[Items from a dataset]
===

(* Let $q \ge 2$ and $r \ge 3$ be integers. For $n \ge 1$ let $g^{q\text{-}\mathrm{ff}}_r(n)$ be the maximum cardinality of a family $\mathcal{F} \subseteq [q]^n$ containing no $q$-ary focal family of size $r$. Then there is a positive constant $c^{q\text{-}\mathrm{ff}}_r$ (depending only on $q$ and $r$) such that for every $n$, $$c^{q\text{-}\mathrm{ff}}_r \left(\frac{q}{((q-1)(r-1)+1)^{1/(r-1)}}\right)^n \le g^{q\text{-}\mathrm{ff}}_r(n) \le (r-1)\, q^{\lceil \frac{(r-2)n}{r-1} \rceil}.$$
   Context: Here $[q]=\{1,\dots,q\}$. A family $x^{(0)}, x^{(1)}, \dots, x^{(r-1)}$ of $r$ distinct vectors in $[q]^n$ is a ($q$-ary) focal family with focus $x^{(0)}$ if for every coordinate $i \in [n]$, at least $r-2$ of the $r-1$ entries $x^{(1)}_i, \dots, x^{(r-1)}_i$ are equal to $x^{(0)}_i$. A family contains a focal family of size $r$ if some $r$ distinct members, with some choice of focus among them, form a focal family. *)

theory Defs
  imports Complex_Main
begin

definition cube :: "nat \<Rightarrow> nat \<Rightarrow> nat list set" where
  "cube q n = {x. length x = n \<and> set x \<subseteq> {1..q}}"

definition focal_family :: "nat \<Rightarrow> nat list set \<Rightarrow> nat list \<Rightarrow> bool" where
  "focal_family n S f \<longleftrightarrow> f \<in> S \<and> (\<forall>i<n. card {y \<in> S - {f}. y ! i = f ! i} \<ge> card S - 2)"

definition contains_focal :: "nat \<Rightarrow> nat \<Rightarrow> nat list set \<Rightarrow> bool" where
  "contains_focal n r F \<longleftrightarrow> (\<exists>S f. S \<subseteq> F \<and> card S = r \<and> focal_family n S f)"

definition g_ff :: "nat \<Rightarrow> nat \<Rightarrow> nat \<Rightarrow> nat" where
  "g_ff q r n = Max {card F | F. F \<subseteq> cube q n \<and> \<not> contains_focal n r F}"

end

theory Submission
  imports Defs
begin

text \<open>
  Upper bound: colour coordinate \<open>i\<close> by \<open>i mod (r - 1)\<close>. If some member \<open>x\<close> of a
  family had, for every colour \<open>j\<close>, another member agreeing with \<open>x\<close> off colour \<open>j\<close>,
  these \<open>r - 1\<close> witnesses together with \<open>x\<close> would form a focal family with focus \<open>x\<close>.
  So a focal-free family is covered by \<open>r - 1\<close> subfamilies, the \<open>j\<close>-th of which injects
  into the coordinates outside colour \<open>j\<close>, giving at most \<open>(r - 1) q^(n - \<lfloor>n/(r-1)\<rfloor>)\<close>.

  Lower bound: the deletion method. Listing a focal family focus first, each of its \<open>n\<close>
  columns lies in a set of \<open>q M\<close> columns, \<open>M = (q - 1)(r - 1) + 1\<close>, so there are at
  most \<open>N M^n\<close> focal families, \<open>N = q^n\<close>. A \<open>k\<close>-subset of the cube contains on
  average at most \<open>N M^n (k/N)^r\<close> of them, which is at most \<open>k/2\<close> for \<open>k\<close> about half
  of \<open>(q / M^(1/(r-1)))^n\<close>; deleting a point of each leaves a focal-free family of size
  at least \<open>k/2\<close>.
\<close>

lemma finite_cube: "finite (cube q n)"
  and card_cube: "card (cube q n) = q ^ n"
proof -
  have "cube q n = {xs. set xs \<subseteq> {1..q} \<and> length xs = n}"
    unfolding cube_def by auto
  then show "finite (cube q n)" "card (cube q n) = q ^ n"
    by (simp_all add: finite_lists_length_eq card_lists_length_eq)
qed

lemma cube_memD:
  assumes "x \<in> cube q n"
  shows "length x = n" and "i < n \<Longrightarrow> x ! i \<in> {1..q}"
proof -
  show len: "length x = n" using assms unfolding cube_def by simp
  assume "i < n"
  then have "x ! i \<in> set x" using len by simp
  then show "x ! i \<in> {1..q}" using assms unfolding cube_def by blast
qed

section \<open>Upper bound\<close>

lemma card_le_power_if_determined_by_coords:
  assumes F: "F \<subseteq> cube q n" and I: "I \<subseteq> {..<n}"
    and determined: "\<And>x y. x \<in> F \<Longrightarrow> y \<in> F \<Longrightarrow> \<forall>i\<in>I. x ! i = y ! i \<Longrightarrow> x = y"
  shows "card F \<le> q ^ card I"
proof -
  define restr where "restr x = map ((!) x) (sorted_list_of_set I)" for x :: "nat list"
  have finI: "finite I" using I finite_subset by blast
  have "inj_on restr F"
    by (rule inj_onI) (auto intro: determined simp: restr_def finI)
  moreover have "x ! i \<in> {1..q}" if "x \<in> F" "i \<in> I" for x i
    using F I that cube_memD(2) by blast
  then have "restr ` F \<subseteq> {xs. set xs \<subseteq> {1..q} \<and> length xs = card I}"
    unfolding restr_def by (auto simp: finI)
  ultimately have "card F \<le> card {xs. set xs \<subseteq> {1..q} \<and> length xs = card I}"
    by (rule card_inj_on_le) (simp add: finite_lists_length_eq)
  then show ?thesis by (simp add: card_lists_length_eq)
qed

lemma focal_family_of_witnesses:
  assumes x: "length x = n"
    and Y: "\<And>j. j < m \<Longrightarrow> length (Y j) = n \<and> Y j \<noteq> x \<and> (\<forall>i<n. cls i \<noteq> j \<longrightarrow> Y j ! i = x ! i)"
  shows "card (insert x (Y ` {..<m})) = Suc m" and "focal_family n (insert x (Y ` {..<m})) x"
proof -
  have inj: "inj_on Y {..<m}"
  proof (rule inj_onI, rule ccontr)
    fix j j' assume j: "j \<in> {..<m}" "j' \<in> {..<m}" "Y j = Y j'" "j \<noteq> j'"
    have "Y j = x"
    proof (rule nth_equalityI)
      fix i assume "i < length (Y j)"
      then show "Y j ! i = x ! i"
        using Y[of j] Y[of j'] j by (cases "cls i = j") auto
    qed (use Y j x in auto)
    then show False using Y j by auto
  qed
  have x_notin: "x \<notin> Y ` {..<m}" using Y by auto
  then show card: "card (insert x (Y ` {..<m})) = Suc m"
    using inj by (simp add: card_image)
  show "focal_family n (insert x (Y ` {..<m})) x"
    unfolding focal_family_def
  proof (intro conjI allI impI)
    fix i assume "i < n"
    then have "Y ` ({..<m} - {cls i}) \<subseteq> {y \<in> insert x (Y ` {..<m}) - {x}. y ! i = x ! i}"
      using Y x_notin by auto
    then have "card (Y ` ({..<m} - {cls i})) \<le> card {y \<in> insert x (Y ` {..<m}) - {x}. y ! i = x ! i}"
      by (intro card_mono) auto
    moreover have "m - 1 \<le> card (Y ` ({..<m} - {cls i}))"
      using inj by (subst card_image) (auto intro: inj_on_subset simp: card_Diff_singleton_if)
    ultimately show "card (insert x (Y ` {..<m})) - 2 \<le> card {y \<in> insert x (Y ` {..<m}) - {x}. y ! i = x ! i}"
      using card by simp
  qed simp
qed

===

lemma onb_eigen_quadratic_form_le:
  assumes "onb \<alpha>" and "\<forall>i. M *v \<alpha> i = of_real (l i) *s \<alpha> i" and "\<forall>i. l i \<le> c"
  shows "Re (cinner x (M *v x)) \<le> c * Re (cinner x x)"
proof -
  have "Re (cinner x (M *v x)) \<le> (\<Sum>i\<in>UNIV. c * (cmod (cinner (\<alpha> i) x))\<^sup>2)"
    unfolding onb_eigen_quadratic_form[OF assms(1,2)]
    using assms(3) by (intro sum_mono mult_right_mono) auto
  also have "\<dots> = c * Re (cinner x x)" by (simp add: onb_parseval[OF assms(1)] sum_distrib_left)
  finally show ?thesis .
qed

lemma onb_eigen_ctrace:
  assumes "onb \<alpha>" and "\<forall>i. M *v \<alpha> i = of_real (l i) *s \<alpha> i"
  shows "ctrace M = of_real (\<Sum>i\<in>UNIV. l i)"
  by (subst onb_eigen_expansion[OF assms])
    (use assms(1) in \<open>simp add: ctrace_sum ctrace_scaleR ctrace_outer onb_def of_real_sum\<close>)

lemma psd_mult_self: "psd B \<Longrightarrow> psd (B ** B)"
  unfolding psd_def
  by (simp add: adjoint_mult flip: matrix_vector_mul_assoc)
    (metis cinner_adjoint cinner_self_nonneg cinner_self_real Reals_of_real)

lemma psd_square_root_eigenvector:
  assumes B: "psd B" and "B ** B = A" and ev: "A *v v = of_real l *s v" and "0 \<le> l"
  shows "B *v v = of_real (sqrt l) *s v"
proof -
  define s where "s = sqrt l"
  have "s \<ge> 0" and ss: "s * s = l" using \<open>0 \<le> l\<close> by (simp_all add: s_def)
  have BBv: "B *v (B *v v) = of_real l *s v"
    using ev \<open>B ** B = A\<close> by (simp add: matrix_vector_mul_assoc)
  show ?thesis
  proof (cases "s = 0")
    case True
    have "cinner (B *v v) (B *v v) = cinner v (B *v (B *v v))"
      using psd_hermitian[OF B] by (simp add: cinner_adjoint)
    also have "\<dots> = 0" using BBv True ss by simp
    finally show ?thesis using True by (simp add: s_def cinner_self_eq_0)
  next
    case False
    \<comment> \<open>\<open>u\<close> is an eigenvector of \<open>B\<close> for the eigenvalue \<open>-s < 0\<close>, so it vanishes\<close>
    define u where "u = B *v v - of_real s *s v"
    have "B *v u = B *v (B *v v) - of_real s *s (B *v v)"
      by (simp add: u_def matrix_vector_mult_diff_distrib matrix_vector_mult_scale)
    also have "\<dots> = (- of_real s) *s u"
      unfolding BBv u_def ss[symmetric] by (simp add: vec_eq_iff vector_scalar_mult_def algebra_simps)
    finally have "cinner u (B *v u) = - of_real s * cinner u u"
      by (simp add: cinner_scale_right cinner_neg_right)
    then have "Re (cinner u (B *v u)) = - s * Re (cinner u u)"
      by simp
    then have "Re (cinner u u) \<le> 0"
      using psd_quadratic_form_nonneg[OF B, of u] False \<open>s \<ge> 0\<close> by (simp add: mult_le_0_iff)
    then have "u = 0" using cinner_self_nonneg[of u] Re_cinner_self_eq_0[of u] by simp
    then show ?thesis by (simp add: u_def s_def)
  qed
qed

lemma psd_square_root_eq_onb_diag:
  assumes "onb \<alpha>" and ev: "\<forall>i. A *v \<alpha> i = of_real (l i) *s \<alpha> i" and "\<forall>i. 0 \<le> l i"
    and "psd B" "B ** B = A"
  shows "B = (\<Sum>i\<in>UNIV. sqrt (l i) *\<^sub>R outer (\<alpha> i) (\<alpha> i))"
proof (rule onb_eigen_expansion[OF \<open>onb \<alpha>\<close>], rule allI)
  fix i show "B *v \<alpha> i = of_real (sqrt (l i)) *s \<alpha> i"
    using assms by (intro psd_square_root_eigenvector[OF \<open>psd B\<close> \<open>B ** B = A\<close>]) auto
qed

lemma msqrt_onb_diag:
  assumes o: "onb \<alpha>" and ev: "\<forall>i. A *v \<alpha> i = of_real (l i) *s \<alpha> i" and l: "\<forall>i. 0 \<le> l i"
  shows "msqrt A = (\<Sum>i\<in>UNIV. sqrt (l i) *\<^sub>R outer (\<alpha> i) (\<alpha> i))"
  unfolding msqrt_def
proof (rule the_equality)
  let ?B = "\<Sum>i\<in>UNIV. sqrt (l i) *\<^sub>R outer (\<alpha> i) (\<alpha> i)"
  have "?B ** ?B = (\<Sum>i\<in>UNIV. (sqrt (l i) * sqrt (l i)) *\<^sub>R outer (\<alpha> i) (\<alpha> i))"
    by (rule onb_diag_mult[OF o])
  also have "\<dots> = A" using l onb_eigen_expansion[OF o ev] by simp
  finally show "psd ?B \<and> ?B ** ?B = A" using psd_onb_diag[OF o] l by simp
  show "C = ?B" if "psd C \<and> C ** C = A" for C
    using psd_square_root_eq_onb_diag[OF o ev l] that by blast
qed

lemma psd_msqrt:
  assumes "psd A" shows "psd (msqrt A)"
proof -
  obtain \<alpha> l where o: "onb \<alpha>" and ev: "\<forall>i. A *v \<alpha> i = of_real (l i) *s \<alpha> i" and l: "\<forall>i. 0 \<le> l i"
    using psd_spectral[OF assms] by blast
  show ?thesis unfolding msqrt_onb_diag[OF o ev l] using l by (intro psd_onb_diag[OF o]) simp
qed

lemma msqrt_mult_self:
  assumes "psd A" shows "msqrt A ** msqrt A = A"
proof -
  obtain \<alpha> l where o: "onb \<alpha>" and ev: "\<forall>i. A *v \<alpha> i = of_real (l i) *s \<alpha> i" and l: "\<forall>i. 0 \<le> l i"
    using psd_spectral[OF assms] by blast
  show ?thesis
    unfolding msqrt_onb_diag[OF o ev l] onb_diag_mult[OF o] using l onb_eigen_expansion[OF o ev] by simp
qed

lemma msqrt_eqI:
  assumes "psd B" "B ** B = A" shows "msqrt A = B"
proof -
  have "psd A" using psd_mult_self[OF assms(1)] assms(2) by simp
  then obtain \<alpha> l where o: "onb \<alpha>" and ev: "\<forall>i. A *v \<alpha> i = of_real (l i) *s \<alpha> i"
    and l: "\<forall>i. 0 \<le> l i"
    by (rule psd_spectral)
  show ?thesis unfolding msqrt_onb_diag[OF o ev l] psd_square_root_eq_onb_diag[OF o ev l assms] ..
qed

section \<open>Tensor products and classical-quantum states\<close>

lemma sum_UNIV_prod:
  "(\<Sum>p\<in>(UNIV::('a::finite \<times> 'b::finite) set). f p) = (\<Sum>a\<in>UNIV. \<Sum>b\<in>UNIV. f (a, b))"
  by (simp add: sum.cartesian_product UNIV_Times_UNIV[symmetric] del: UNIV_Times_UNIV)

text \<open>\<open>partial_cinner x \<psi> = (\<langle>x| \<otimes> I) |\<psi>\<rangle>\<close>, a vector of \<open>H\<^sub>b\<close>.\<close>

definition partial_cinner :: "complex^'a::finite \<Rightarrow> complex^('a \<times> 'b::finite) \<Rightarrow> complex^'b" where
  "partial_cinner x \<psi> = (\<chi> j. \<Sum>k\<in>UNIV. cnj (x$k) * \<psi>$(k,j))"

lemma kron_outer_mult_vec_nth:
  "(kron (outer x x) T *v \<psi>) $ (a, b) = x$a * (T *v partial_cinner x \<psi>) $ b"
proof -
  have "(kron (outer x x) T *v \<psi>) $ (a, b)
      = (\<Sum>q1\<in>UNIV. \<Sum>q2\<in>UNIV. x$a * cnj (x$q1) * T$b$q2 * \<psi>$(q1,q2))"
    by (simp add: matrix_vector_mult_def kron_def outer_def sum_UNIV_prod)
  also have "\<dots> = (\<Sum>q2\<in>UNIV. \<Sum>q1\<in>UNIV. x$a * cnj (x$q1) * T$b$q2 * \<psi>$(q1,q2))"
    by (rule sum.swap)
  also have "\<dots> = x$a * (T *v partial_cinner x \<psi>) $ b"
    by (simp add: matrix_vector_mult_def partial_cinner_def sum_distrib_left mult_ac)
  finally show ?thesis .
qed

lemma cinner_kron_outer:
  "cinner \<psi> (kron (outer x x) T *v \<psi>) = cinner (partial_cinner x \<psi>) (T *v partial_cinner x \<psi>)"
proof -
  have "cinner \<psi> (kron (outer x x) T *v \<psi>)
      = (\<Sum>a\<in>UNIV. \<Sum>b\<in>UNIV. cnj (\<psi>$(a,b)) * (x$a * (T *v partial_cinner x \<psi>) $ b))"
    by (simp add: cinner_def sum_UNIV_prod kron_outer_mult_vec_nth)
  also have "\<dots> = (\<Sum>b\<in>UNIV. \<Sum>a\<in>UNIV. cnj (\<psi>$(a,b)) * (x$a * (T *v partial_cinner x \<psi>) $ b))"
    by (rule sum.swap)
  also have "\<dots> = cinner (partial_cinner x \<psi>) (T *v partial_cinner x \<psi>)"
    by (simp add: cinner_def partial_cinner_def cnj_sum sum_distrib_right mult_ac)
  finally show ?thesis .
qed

===

● ACTIVITY
Identify the lines above with the word "blast". Copy them.

● TASK SOLUTION
  then show "x ! i \<in> {1..q}" using assms unfolding cube_def by blast
  have finI: "finite I" using I finite_subset by blast
    using F I that cube_memD(2) by blast
    using psd_square_root_eq_onb_diag[OF o ev l] that by blast
    using psd_spectral[OF assms] by blast
    using psd_spectral[OF assms] by blast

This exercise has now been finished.